Exercise directions
Retrieve every line from the records in which the word "shows" occurs.
START The input
lemma ex_max_ratio:
  assumes A: "A \<in> PD" and B: "B \<in> PD"
  shows "\<exists>x0 c. x0 \<noteq> 0 \<and> x0 \<bullet> (B *v x0) = c * (x0 \<bullet> (A *v x0))
    \<and> (\<forall>x. x \<bullet> (B *v x) \<le> c * (x \<bullet> (A *v x)))"
proof -
  let ?S = "sphere (0::complex^'n) 1"
  let ?ratio = "\<lambda>x. (x \<bullet> (B *v x)) / (x \<bullet> (A *v x))"
  have pos: "0 < u \<bullet> (A *v u)" if "u \<in> ?S" for u
    using that by (auto intro: PD_quadratic_pos[OF A])
  have "continuous_on ?S ?ratio"
    by (intro continuous_intros) (metis pos less_irrefl)
  moreover have "?S \<noteq> {}" by simp
  ultimately obtain x0 where x0: "x0 \<in> ?S" and max: "\<And>u. u \<in> ?S \<Longrightarrow> ?ratio u \<le> ?ratio x0"
    using continuous_attains_sup[OF compact_sphere] by blast
  define c where "c = ?ratio x0"
  have "x \<bullet> (B *v x) \<le> c * (x \<bullet> (A *v x))" for x
  proof (cases "x = 0")
    case False
    define u where "u = (1 / norm x) *\<^sub>R x"
    have "u \<in> ?S" and "u \<noteq> 0" using False by (simp_all add: u_def)
    then have "u \<bullet> (B *v u) \<le> c * (u \<bullet> (A *v u))"
      using max[of u] PD_quadratic_pos[OF A, of u] by (simp add: c_def pos_divide_le_eq)
    then have "(norm x)\<^sup>2 * (u \<bullet> (B *v u)) \<le> c * ((norm x)\<^sup>2 * (u \<bullet> (A *v u)))"
      by (metis mult.left_commute mult_left_mono zero_le_power2)
    moreover have "(norm x)\<^sup>2 * (u \<bullet> (M *v u)) = x \<bullet> (M *v x)" for M
      using False by (simp add: u_def matrix_vector_mult_scaleR_right power2_eq_square)
    ultimately show ?thesis by simp
  qed simp
  moreover have "x0 \<noteq> 0" using x0 by auto
  moreover have "x0 \<bullet> (B *v x0) = c * (x0 \<bullet> (A *v x0))"
    using PD_quadratic_pos[OF A \<open>x0 \<noteq> 0\<close>] by (simp add: c_def)
  ultimately show ?thesis by blast
qed

lemma ex_min_ratio:
  assumes A: "A \<in> PD" and B: "B \<in> PD"
  shows "\<exists>x0 c. x0 \<noteq> 0 \<and> x0 \<bullet> (B *v x0) = c * (x0 \<bullet> (A *v x0))
    \<and> (\<forall>x. c * (x \<bullet> (A *v x)) \<le> x \<bullet> (B *v x))"
proof -
  obtain x0 c where x0: "x0 \<noteq> 0" "x0 \<bullet> (A *v x0) = c * (x0 \<bullet> (B *v x0))"
    and le: "\<And>x. x \<bullet> (A *v x) \<le> c * (x \<bullet> (B *v x))"
    using ex_max_ratio[OF B A] by blast
  have "c > 0"
    using x0 PD_quadratic_pos[OF A x0(1)] PD_quadratic_pos[OF B x0(1)] zero_less_mult_pos2 by metis
  then have "(1 / c) * (x \<bullet> (A *v x)) \<le> x \<bullet> (B *v x)" for x
    using le[of x] by (simp add: field_simps)
  moreover have "x0 \<bullet> (B *v x0) = (1 / c) * (x0 \<bullet> (A *v x0))"
    using x0(2) \<open>c > 0\<close> by simp
  ultimately show ?thesis using x0(1) by blast
qed

lemma pencil_eigenvalue_iff:
  assumes "A \<in> PD"
  shows "r \<in> real_eigenvalues (B ** matrix_inv A) \<longleftrightarrow> (\<exists>x. x \<noteq> 0 \<and> B *v x = r *\<^sub>R (A *v x))"
proof -
  note inv = matrix_inv_right[OF PD_invertible[OF assms]] matrix_inv_left[OF PD_invertible[OF assms]]
  have smult: "complex_of_real r *s v = r *\<^sub>R v" for v :: "complex^'n"
    by (simp add: vec_eq_iff) (simp add: scaleR_conv_of_real)
  have A0: "A *v x = 0 \<longleftrightarrow> x = 0" for x
    using PD_invertible[OF assms] unfolding invertible_left_inverse matrix_left_invertible_ker
    by auto
  show ?thesis
  proof
    assume "r \<in> real_eigenvalues (B ** matrix_inv A)"
    then obtain v where "v \<noteq> 0" "(B ** matrix_inv A) *v v = r *\<^sub>R v"
      by (auto simp: real_eigenvalues_def smult)
    moreover have "A *v (matrix_inv A *v v) = v"
      by (simp add: matrix_vector_mul_assoc inv(1))
    ultimately show "\<exists>x. x \<noteq> 0 \<and> B *v x = r *\<^sub>R (A *v x)"
      by (metis A0 matrix_vector_mul_assoc)
  next
    assume "\<exists>x. x \<noteq> 0 \<and> B *v x = r *\<^sub>R (A *v x)"
    then obtain x where "x \<noteq> 0" and eig: "B *v x = r *\<^sub>R (A *v x)" by blast
    then have "A *v x \<noteq> 0" by (simp add: A0)
    moreover have "(B ** matrix_inv A) *v (A *v x) = r *\<^sub>R (A *v x)"
      by (simp add: matrix_vector_mul_assoc matrix_mul_assoc[symmetric] inv(2) eig)
    ultimately show "r \<in> real_eigenvalues (B ** matrix_inv A)"
      unfolding real_eigenvalues_def smult mem_Collect_eq by (intro exI[of _ "A *v x"] conjI)
  qed
qed

lemma pencil_eigenvectors_orthogonal:
  assumes "hermitian A" "hermitian B" "B *v x = r *\<^sub>R (A *v x)" "B *v y = s *\<^sub>R (A *v y)" "r \<noteq> s"
  shows "(A *v x) \<bullet> y = 0"
proof -
  have "r * ((A *v x) \<bullet> y) = (B *v x) \<bullet> y" using assms(3) by simp
  also have "\<dots> = x \<bullet> (B *v y)" by (rule hermitian_inner_swap[OF assms(2)])
  also have "\<dots> = s * ((A *v x) \<bullet> y)"
    using assms(4) hermitian_inner_swap[OF assms(1)] by simp
  finally show ?thesis using assms(5) by simp
qed

lemma finite_pencil_eigenvalues:
  assumes A: "A \<in> PD" and B: "B \<in> PD"
  shows "finite (real_eigenvalues (B ** matrix_inv A))"
proof -
  let ?E = "real_eigenvalues (B ** matrix_inv A)"
  define v where "v r = (SOME x. x \<noteq> 0 \<and> B *v x = r *\<^sub>R (A *v x))" for r
  have v: "v r \<noteq> 0" "B *v v r = r *\<^sub>R (A *v v r)" if "r \<in> ?E" for r
    using someI_ex[OF that[unfolded pencil_eigenvalue_iff[OF A]]] by (simp_all add: v_def)
  have "inj_on v ?E"
  proof (rule inj_onI)
    fix r s assume "r \<in> ?E" "s \<in> ?E" "v r = v s"
    then have "r * (v r \<bullet> (A *v v r)) = s * (v r \<bullet> (A *v v r))"
      using v by (metis inner_scaleR_right)
    then show "r = s" using PD_quadratic_pos[OF A v(1)[OF \<open>r \<in> ?E\<close>]] by simp
  qed
  moreover have "independent (v ` ?E)"
    unfolding independent_explicit_module
  proof (intro allI impI)
    fix T u w assume T: "finite T" "T \<subseteq> v ` ?E" and comb: "(\<Sum>w\<in>T. u w *\<^sub>R w) = 0"
      and "w \<in> T"
    then obtain r where r: "r \<in> ?E" "w = v r" by blast
    have orth: "(A *v w) \<bullet> w' = 0" if "w' \<in> T" "w' \<noteq> w" for w'
    proof -
      obtain s where "s \<in> ?E" "w' = v s" using T(2) \<open>w' \<in> T\<close> by blast
      then show ?thesis
        using pencil_eigenvectors_orthogonal[OF PD_hermitian[OF A] PD_hermitian[OF B]] v r that
        by metis
    qed
    have "0 = (A *v w) \<bullet> (\<Sum>w'\<in>T. u w' *\<^sub>R w')" by (simp add: comb)
    also have "\<dots> = u w * ((A *v w) \<bullet> w)"
      using T(1) \<open>w \<in> T\<close> orth
      by (auto simp: sum.remove inner_add_right inner_sum_right intro!: sum.neutral)
    finally show "u w = 0"
      using PD_quadratic_pos[OF A v(1)[OF r(1)]] hermitian_inner_swap[OF PD_hermitian[OF A]] r(2)
      by (metis mult_eq_0_iff less_irrefl)
  qed
  ultimately show ?thesis
    using independent_bound finite_imageD by blast
qed

lemma max_ratio_eigenvector:
  assumes "hermitian A" "hermitian B" and le: "\<And>x. x \<bullet> (B *v x) \<le> c * (x \<bullet> (A *v x))"
    and "x0 \<bullet> (B *v x0) = c * (x0 \<bullet> (A *v x0))"
  shows "B *v x0 = c *\<^sub>R (A *v x0)"
proof -
  have "(c *\<^sub>R A - B) *v x0 = 0"
    using assms le[of x0]
    by (intro semidefinite_quadratic_zero)
      (auto simp: hermitian_diff hermitian_scaleR matrix_vector_mult_diff_rdistrib
        scaleR_matrix_vector_mult inner_diff_right)
  then show ?thesis
    by (simp add: matrix_vector_mult_diff_rdistrib scaleR_matrix_vector_mult)
qed

lemma min_ratio_eigenvector:
  assumes "hermitian A" "hermitian B" and le: "\<And>x. c * (x \<bullet> (A *v x)) \<le> x \<bullet> (B *v x)"
    and "x0 \<bullet> (B *v x0) = c * (x0 \<bullet> (A *v x0))"
  shows "B *v x0 = c *\<^sub>R (A *v x0)"
proof -
  have "(B - c *\<^sub>R A) *v x0 = 0"
    using assms le[of x0]
    by (intro semidefinite_quadratic_zero)
      (auto simp: hermitian_diff hermitian_scaleR matrix_vector_mult_diff_rdistrib
        scaleR_matrix_vector_mult inner_diff_right)
  then show ?thesis
    by (simp add: matrix_vector_mult_diff_rdistrib scaleR_matrix_vector_mult)
qed

lemma pencil_eigenvalue_ratio:
  assumes "A \<in> PD" "r \<in> real_eigenvalues (B ** matrix_inv A)"
  obtains x where "x \<noteq> 0" "x \<bullet> (B *v x) = r * (x \<bullet> (A *v x))"
  using assms by (auto simp: pencil_eigenvalue_iff)

lemma lam_max_ratio:
  assumes A: "A \<in> PD" and B: "B \<in> PD"
  shows "x \<bullet> (B *v x) \<le> lam_max (B ** matrix_inv A) * (x \<bullet> (A *v x))"
    and "\<exists>x. x \<noteq> 0 \<and> x \<bullet> (B *v x) = lam_max (B ** matrix_inv A) * (x \<bullet> (A *v x))"
proof -
  obtain x0 c where x0: "x0 \<noteq> 0" "x0 \<bullet> (B *v x0) = c * (x0 \<bullet> (A *v x0))"
    and le: "\<And>x. x \<bullet> (B *v x) \<le> c * (x \<bullet> (A *v x))"
    using ex_max_ratio[OF A B] by blast
  have "c \<in> real_eigenvalues (B ** matrix_inv A)"
    using max_ratio_eigenvector[OF PD_hermitian[OF A] PD_hermitian[OF B] le x0(2)] x0(1)
    by (auto simp: pencil_eigenvalue_iff[OF A])
  moreover have "r \<le> c" if r: "r \<in> real_eigenvalues (B ** matrix_inv A)" for r
  proof -
    obtain x where "x \<noteq> 0" "x \<bullet> (B *v x) = r * (x \<bullet> (A *v x))"
      using pencil_eigenvalue_ratio[OF A r] .
    then show ?thesis using le[of x] PD_quadratic_pos[OF A] by simp
  qed
  ultimately have "lam_max (B ** matrix_inv A) = c"
    unfolding lam_max_def by (intro Max_eqI finite_pencil_eigenvalues A B)
  then show "x \<bullet> (B *v x) \<le> lam_max (B ** matrix_inv A) * (x \<bullet> (A *v x))"
    and "\<exists>x. x \<noteq> 0 \<and> x \<bullet> (B *v x) = lam_max (B ** matrix_inv A) * (x \<bullet> (A *v x))"
    using le x0 by auto
qed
END The input
Output
  shows "\<exists>x0 c. x0 \<noteq> 0 \<and> x0 \<bullet> (B *v x0) = c * (x0 \<bullet> (A *v x0))
  shows "\<exists>x0 c. x0 \<noteq> 0 \<and> x0 \<bullet> (B *v x0) = c * (x0 \<bullet> (A *v x0))
  shows "r \<in> real_eigenvalues (B ** matrix_inv A) \<longleftrightarrow> (\<exists>x. x \<noteq> 0 \<and> B *v x = r *\<^sub>R (A *v x))"
  shows "(A *v x) \<bullet> y = 0"
  shows "finite (real_eigenvalues (B ** matrix_inv A))"
  shows "B *v x0 = c *\<^sub>R (A *v x0)"
  shows "B *v x0 = c *\<^sub>R (A *v x0)"
  shows "x \<bullet> (B *v x) \<le> lam_max (B ** matrix_inv A) * (x \<bullet> (A *v x))"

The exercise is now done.